In order for Tyson to support such a maneuver, however, she would also favor seeing farmers’ income losses become a larger part of the equation.
“A solution has to be fair for everybody,” she said, “and there’s still a rural-urban divide.”
But even with a roll back on tax cuts, it does nothing to solve the current budget deficit, Tyson acknowledged. Added revenues from those maneuvers are 12 to 18 months down the road.
Tyson also rejected any thought to another increase in sales taxes, akin to what legislators did in 2015 to close a budget deficit. “It’s maxed already,” she said, to the point Kansas has the highest sales tax on food in the nation. “It’s not a good situation.”
She recommended the state formulate its budget on the previous year’s revenue figures.
Despite the dark clouds on the horizon, Tyson sees some silver linings.
“As bad as it’s been the last three years, Kansas still has taken in 3 percent more revenue,” she said. “Who would have guessed that?”
The added revenue, however, falls short of keeping the budget in balance.

TYSON, who won re-election to a second four-year term Nov. 8 against a write-in candidate, said she again would sponsor a bill to make any efforts to privatize the Osawatomie State Hospital subject to legislative approval. Such a bill passed last year, but was good for only two years. Her proposal would make such a bill indefinite.
Tyson said she would support privatization, “if I truly thought privatization would benefit patients.”
However, she points at KanCare as an example of a flawed system in which three private companies manage the state’s Medicaid system.
“Talk to anybody using that system of all the problems and issues,” she said. ‘It’s just a mess. The bottom line is those three vendors are in it for profit. They have to be.
“Why would we want somebody in it for profit to manage our mental health?” Tyson continued. “I get the relationship, but I’m not in favor of turning over the hospital to them.”

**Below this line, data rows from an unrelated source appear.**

(* Let $(X_B,X_C,X_R)$ be an OCC (not necessarily tight) in a graph $G$ and let $(A_B,A_C,A_R)$ be a tight OCC in $G$. Then $|A_C \cap X_B| \leq |X_C|$.
   Context: An OCT of $G$ is a set $S \subseteq V(G)$ with $G - S$ bipartite; $\mathrm{oct}(G)$ is its minimum size. An odd cycle cut (OCC) of $G$ is a partition $(X_B, X_C, X_R)$ of $V(G)$ such that $G[X_B]$ is bipartite, there is no edge between $X_B$ and $X_R$, and $X_B \cup X_C \neq \emptyset$. It is tight if $|X_C| = \mathrm{oct}(G[X_B \cup X_C])$. *)

theory Defs
  imports Main
begin

definition graph :: "'a set \<Rightarrow> ('a \<Rightarrow> 'a \<Rightarrow> bool) \<Rightarrow> bool" where
  "graph V E \<longleftrightarrow> finite V \<and> (\<forall>u v. E u v \<longrightarrow> u \<in> V \<and> v \<in> V \<and> u \<noteq> v \<and> E v u)"

definition bipartite_on :: "('a \<Rightarrow> 'a \<Rightarrow> bool) \<Rightarrow> 'a set \<Rightarrow> bool" where
  "bipartite_on E S \<longleftrightarrow> (\<exists>f :: 'a \<Rightarrow> bool. \<forall>u\<in>S. \<forall>v\<in>S. E u v \<longrightarrow> f u \<noteq> f v)"

definition oct :: "('a \<Rightarrow> 'a \<Rightarrow> bool) \<Rightarrow> 'a set \<Rightarrow> nat" where
  "oct E S = Min {card T | T. T \<subseteq> S \<and> bipartite_on E (S - T)}"

definition is_occ :: "'a set \<Rightarrow> ('a \<Rightarrow> 'a \<Rightarrow> bool) \<Rightarrow> 'a set \<Rightarrow> 'a set \<Rightarrow> 'a set \<Rightarrow> bool" where
  "is_occ V E XB XC XR \<longleftrightarrow>
     XB \<union> XC \<union> XR = V \<and> XB \<inter> XC = {} \<and> XB \<inter> XR = {} \<and> XC \<inter> XR = {} \<and>
     bipartite_on E XB \<and> (\<forall>u\<in>XB. \<forall>v\<in>XR. \<not> E u v) \<and> XB \<union> XC \<noteq> {}"

definition is_tight_occ :: "'a set \<Rightarrow> ('a \<Rightarrow> 'a \<Rightarrow> bool) \<Rightarrow> 'a set \<Rightarrow> 'a set \<Rightarrow> 'a set \<Rightarrow> bool" where
  "is_tight_occ V E XB XC XR \<longleftrightarrow> is_occ V E XB XC XR \<and> card XC = oct E (XB \<union> XC)"

end

theory Submission
  imports Defs
begin

text \<open>Let \<open>T = (A\<^sub>C - X\<^sub>B) \<union> (X\<^sub>C \<inter> (A\<^sub>B \<union> A\<^sub>C))\<close>. What remains of
  \<open>A\<^sub>B \<union> A\<^sub>C\<close> after removing \<open>T\<close> lies in \<open>X\<^sub>B \<union> (A\<^sub>B \<inter> X\<^sub>R)\<close>, a union of two
  bipartite sets with no edges between them. So \<open>T\<close> is an odd cycle transversal of
  \<open>G[A\<^sub>B \<union> A\<^sub>C]\<close>, and tightness gives \<open>|A\<^sub>C| \<le> |T| \<le> |A\<^sub>C - X\<^sub>B| + |X\<^sub>C|\<close>.\<close>

lemma bipartite_on_subset:
  fixes E :: "'a \<Rightarrow> 'a \<Rightarrow> bool"
  assumes "bipartite_on E B" and "A \<subseteq> B"
  shows "bipartite_on E A"
proof -
  obtain f :: "'a \<Rightarrow> bool" where "\<forall>u\<in>B. \<forall>v\<in>B. E u v \<longrightarrow> f u \<noteq> f v"
    using assms(1) unfolding bipartite_on_def by blast
  then show ?thesis
    using assms(2) unfolding bipartite_on_def by blast
qed

lemma bipartite_on_Un:
  fixes E :: "'a \<Rightarrow> 'a \<Rightarrow> bool"
  assumes "bipartite_on E A" and "bipartite_on E B"
    and "\<And>u v. u \<in> A \<Longrightarrow> v \<in> B \<Longrightarrow> \<not> E u v \<and> \<not> E v u"
  shows "bipartite_on E (A \<union> B)"
proof -
  obtain f :: "'a \<Rightarrow> bool" where f: "\<forall>u\<in>A. \<forall>v\<in>A. E u v \<longrightarrow> f u \<noteq> f v"
    using assms(1) unfolding bipartite_on_def by blast
  obtain g :: "'a \<Rightarrow> bool" where g: "\<forall>u\<in>B. \<forall>v\<in>B. E u v \<longrightarrow> g u \<noteq> g v"
    using assms(2) unfolding bipartite_on_def by blast
  show ?thesis
    unfolding bipartite_on_def
  proof (intro exI[of _ "\<lambda>u. if u \<in> A then f u else g u"] ballI impI)
    fix u v
    assume "u \<in> A \<union> B" "v \<in> A \<union> B" "E u v"
    then consider "u \<in> A" "v \<in> A" | "u \<in> B" "v \<in> B" "u \<notin> A" "v \<notin> A"
      using assms(3) by blast
    then show "(if u \<in> A then f u else g u) \<noteq> (if v \<in> A then f v else g v)"
      using f g \<open>E u v\<close> by cases auto
  qed
qed

lemma oct_le_card:
  assumes "finite S" and "T \<subseteq> S" and "bipartite_on E (S - T)"
  shows "oct E S \<le> card T"
proof -
  have "{card T' | T'. T' \<subseteq> S \<and> bipartite_on E (S - T')} \<subseteq> card ` Pow S"
    by blast
  then have "finite {card T' | T'. T' \<subseteq> S \<and> bipartite_on E (S - T')}"
    using assms(1) finite_subset by blast
  then show ?thesis
    unfolding oct_def by (rule Min_le) (use assms(2,3) in blast)
qed

lemma occ_bipartite_Un_Int_right:
  assumes "graph V E" and "is_occ V E XB XC XR" and "bipartite_on E Y"
  shows "bipartite_on E (XB \<union> (Y \<inter> XR))"
proof (rule bipartite_on_Un)
  show "bipartite_on E XB"
    using assms(2) unfolding is_occ_def by blast
  show "bipartite_on E (Y \<inter> XR)"
    by (rule bipartite_on_subset[OF assms(3)]) blast
  fix u v
  assume "u \<in> XB" "v \<in> Y \<inter> XR"
  then have "\<not> E u v"
    using assms(2) unfolding is_occ_def by blast
  moreover have "E v u \<Longrightarrow> E u v"
    using assms(1) unfolding graph_def by blast
  ultimately show "\<not> E u v \<and> \<not> E v u"
    by blast
qed

theorem mainTheorem9:
  fixes V :: "'a set" and E :: "'a \<Rightarrow> 'a \<Rightarrow> bool"
  assumes "graph V E"
    and "is_occ V E XB XC XR"
    and "is_tight_occ V E AB AC AR"
  shows "card (AC \<inter> XB) \<le> card XC"
proof -
  define S where "S = AB \<union> AC"
  define T where "T = (AC - XB) \<union> (XC \<inter> S)"
  have "finite V" using assms(1) unfolding graph_def by blast
  have tight: "S \<subseteq> V" "bipartite_on E AB" "card AC = oct E S"
    using assms(3) unfolding is_tight_occ_def is_occ_def S_def by blast+
  have "finite S" "finite XC"
    using \<open>finite V\<close> tight(1) assms(2) finite_subset unfolding is_occ_def by blast+
  have "S - T \<subseteq> XB \<union> (AB \<inter> XR)"
    using tight(1) assms(2) unfolding S_def T_def is_occ_def by blast
  then have "bipartite_on E (S - T)"
    by (rule bipartite_on_subset[OF occ_bipartite_Un_Int_right[OF assms(1,2) tight(2)]])
  moreover have "T \<subseteq> S"
    unfolding T_def S_def by blast
  ultimately have "card AC \<le> card T"
    using oct_le_card[OF \<open>finite S\<close>] tight(3) by simp
  also have "\<dots> \<le> card (AC - XB) + card XC"
    using card_Un_le[of "AC - XB" "XC \<inter> S"] card_mono[OF \<open>finite XC\<close>, of "XC \<inter> S"]
    unfolding T_def by simp
  finally show ?thesis
    using card_Int_Diff[of AC XB] \<open>finite S\<close> unfolding S_def by simp
qed

end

TYSON was noncommittal when asked about a push to expand Medicaid services in Kansas — an issue clouded at the federal level because of a push to repeal the Affordable Care Act — but noted there is discussion about the topic this year in Topeka.
“They are going to have hearings on it this year, something that hasn’t happened before,” she said.

TYSON spoke briefly of a case involving Jeremy Ketler, a Humboldt resident who was convicted of federal gun charges in November for buying a silencer from a Chanute gun dealer.
Attorneys for Kettler and the seller, Shane Cox of Chanute, both cited a state statute that grants exemptions from federal gun laws.
“I’m trying to figure out where the disconnect is here,” she said, citing as an analogy Colorado state laws that allow the sale and consumption of marijuana, despite federal statutes against both.